Portugal, eu venho aqui falar das cidades abandonadas, dos castelos comidos pelo tempo, a tua poesia já não é cantiga de amigo nem embala o menino que um dia dormiu nas palhas. Cuida do teu povo, da tua gente que te fez valente há quinhentos anos atrás, dá-lhes o teu melhor, o fado e as tasquinhas, a liberdade de ser, a conjugação plena do verbo existir, a valentia das tuas caravelas.
Tenho sete mil razões para estar de mal contigo, sete mil palmos de chão que cairam nas mãos dos bancários e dos empreiteiros, e tu não dizes nada?! Ficas aí na varanda do silêncio a fumar o teu cigarro, a dar palha ao abismo.
Que vai ser das tuas crianças que nasceram ontem numa barraca de hospital?, numa estrada esburacada, entre uma aldeia e uma cidade, com um carimbo no peito a dizer: deixa lá não penses nisso!
Olha como o peixe vem triste para a mesa!, vê a felicidade com rituais macabros, olha o polícia todo contente em passar multas à gente. O teu vestido já toca o chão, encolheste, é preciso nascer ouriço para te compreender. Foste dono do mundo, compraste pimenta e sal, pariste Camões e Vasco da Gama, descobriste mares sem ponta de medo, olha para ti e vê como mudaste, a tua figura assemelha-se à tristeza de um sino quando dá inicio à procissão.

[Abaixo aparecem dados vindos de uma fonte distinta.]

lemma Delta_s_select:
  assumes hh: "\<And>t. t < n \<Longrightarrow> hh t \<in> H" and "S \<subseteq> Q"
    and not_inj: "\<And>r. r \<in> S \<Longrightarrow> \<not> inj_on (\<lambda>t. hh t r) {..<n}"
    and "q \<in> Q" and inj: "inj_on (\<lambda>t. hh t q) {..<n}" and "t < n"
  shows "\<exists>h\<in>H. (\<forall>r\<in>S. h r = hh i r) \<and> h q = hh t q"
proof -
  define a where "a = (\<lambda>t\<in>{..<n}. hh t q)"
  have "a \<in> tuples A n"
    unfolding a_def tuples_def using hh value_in_A \<open>q \<in> Q\<close> by simp
  moreover have "card (a ` {..<n}) = n"
    unfolding a_def using card_image[OF inj] by simp
  ultimately have "a \<in> tuples_k A n n" unfolding tuples_k_def by blast
  moreover have "hh t q \<in> a ` {..<n}" using \<open>t < n\<close> unfolding a_def by simp
  ultimately obtain s where s: "(n, s) \<in> F" "s a = hh t q" "\<forall>x\<in>tuples_lt A n. s x = x i"
    using Delta[rule_format] by blast
  define h where "h = (\<lambda>r\<in>Q. s (\<lambda>t\<in>{..<n}. hh t r))"
  have "h \<in> H" unfolding h_def using s(1) hh by (rule Inv_closed[OF H_Inv])
  moreover have "h r = hh i r" if "r \<in> S" for r
  proof -
    let ?x = "\<lambda>t\<in>{..<n}. hh t r"
    have "card (?x ` {..<n}) < n"
      using card_image_less_if_not_inj_on[OF _ not_inj[OF that]] by simp
    moreover have "?x \<in> tuples A n"
      using hh value_in_A that \<open>S \<subseteq> Q\<close> unfolding tuples_def by auto
    ultimately have "?x \<in> tuples_lt A n" unfolding tuples_lt_def tuples_k_def by auto
    then show ?thesis using s(3) that \<open>S \<subseteq> Q\<close> i_less_n unfolding h_def by auto
  qed
  moreover have "h q = hh t q" using \<open>q \<in> Q\<close> s(2) unfolding h_def a_def by simp
  ultimately show ?thesis by blast
qed
(* Let $L$ be a restricted Lie superalgebra over $\mathbb{K}$ and $M$ a restricted $L$-module. For every linear map $\psi:L\to M$, one has $d^1_*\psi\in C^2_*(L;M)$ and $d^2_*(d^1_*\psi)=0$; that is, $d^2_{\mathrm{CE}}(d^1_{\mathrm{CE}}\psi)=0$ and $\operatorname{ind}^2\bigl(d^1_{\mathrm{CE}}\psi,\operatorname{ind}^1(\psi)\bigr)=0$. Hence $H^2_*(L;M):=\ker d^2_*/\operatorname{im} d^1_*$ is well defined.
   Context: $\mathbb{K}$ is a field of characteristic $p>2$; Lie superalgebras satisfy $[x,[x,x]]=0$ for odd $x$. A restricted Lie superalgebra has a map $x\mapsto x^{[p]}$ on $L_{\bar0}$ making $L_{\bar0}$ a restricted Lie algebra and with $\mathrm{ad}_{x^{[p]}}(y)=(\mathrm{ad}_x)^p(y)$ for $x\in L_{\bar0},y\in L$. A restricted $L$-module $M$ is a $\mathbb{Z}_2$-graded module with $x^p\cdot m=x^{[p]}\cdot m$ for $x\in L_{\bar0}$ ($x^p$ = acting $p$ times). For homogeneous $\psi\in C^1_{\mathrm{CE}}(L;M)=\mathrm{Hom}_{\mathbb{K}}(L,M)$: $d^1_{\mathrm{CE}}\psi(u,v)=\psi([u,v])-(-1)^{|u||\psi|}u\cdot\psi(v)+(-1)^{|v|(|\psi|+|u|)}v\cdot\psi(u)$, and $\operatorname{ind}^1(\psi):L_{\bar0}\to M$, $\operatorname{ind}^1(\psi)(x)=\psi(x^{[p]})-x^{p-1}\psi(x)$; $d^1_*\psi:=(d^1_{\mathrm{CE}}\psi,\operatorname{ind}^1\psi)$ (extended additively to non-homogeneous $\psi$). $d^2_{\mathrm{CE}}$ is given by $d^2_{\mathrm{CE}}\varphi(u,v,w)=\varphi([u,v],w)-(-1)^{|v||w|}\varphi([u,w],v)-\varphi(u,[v,w])-(-1)^{|u||\varphi|}u\cdot\varphi(v,w)+(-1)^{|v|(|\varphi|+|u|)}v\cdot\varphi(u,w)-(-1)^{|w|(|\varphi|+|u|+|v|)}w\cdot\varphi(u,v)$. $C^2_*(L;M)$ is the set of pairs $(\varphi,\omega)$, $\varphi$ a super-alternating bilinear map $L\times L\to M$, $\omega:L_{\bar0}\to M$ $\varphi$-compatible, meaning $\omega(\lambda x)=\lambda^p\omega(x)$ and $\omega(x+y)=\omega(x)+\omega(y)+\sum\frac1{\sharp(x)}\varphi([x_1,\dots,x_{p-1}],x_p)+\sum\frac1{\sharp(x)}\sum_{k=1}^{p-2}(-1)^kx_p\cdots x_{p-k+1}\varphi([x_1,\dots,x_{p-k-1}],x_{p-k})$ (sums over $x_i\in\{x,y\}$, $x_1=x,x_2=y$; $\sharp(x)=\#\{k:x_k=x\}$; $[x_1,\dots,x_k]=[[\cdots[x_1,x_2],\dots],x_k]$). For $\varphi$ homogeneous and $\omega$ with values in $M_{|\varphi|}$, $\operatorname{ind}^2(\varphi,\omega)(x,y)=\varphi(x,y^{[p]})-\sum_{i+j=p-1}(-1)^iy^i\varphi([x,y,\dots,y\ (j\text{ times})],y)+(-1)^{|\varphi||x|}x\cdot\omega(y)$ for $x\in L$, $y\in L_{\bar0}$, extended additively via the decomposition $(\varphi,\omega)=(\varphi_{\bar0},\omega_{\bar0})+(\varphi_{\bar1},\omega_{\bar1})$ ($\omega_{\bar j}$ = $M_{\bar j}$-component). $d^2_*(\varphi,\omega)=(d^2_{\mathrm{CE}}\varphi,\operatorname{ind}^2(\varphi,\omega))$. *)

theory Defs
  imports Complex_Main "HOL-Computational_Algebra.Primes"
begin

Que é feito do teu malhão que nos convidava para a festa? Que é feito da tua coragem de ir e vencer? Ó Portugal das vitórias e dos hinos das multidões!, a tua sopa aziomou e o melhor de ti ofereces ao idiota?! O teu futuro, o nosso riso, está nas mãos do leiloeiro, queres que te conte mais? O teu ofício é semear diferenças, a tua energia é um número extenso no papel, a tua carne é como o futuro: é para quem dá mais.
Encerras escolas e inauguras centros comerciais, lês o que as estrelas têm para dizer mas não escutas ninguém. Que será de nós quando crescermos? Quando tudo for pelos ares e não restar uma biblioteca para defender a tua história? Tenho sete mil razões para te pôr contra o vento, sete toneladas de corações para fazer a empreitada de uma nova vida, sete caminhos que vão dar a um, sete ideologias que terminam em Bem.
O teu sistema imunitário falhou, já não provocas riso, os teus rios levam mágoas, as tuas aldeias: só nos postais; as ribeirinhas quem deram que fossem outra vez, o teu perfume de maresia nem com frasco de remédio é de novo.
Agora sonhas é com craques da bola, ó isso sim, com estilistas que te baixam as calças, com cantores que levam a literatura ao suicídio. Nem com chuva de nove meses isto irá mudar se acaso não visitares todos os lares, se não converteres cimento em alegria, se não casares todas as tuas filhas com os filhos do sol.
Para mim és peça de barro numa estante que se Terra abana mais um pouco cais ao chão, e se calhas de mostrar o rabo... O teu sabor amargo reconheço em Espanha ou em Istambul, o fato solene não convence ninguém, ó meu Portugal dos noventa e tais por cento pequeninhos!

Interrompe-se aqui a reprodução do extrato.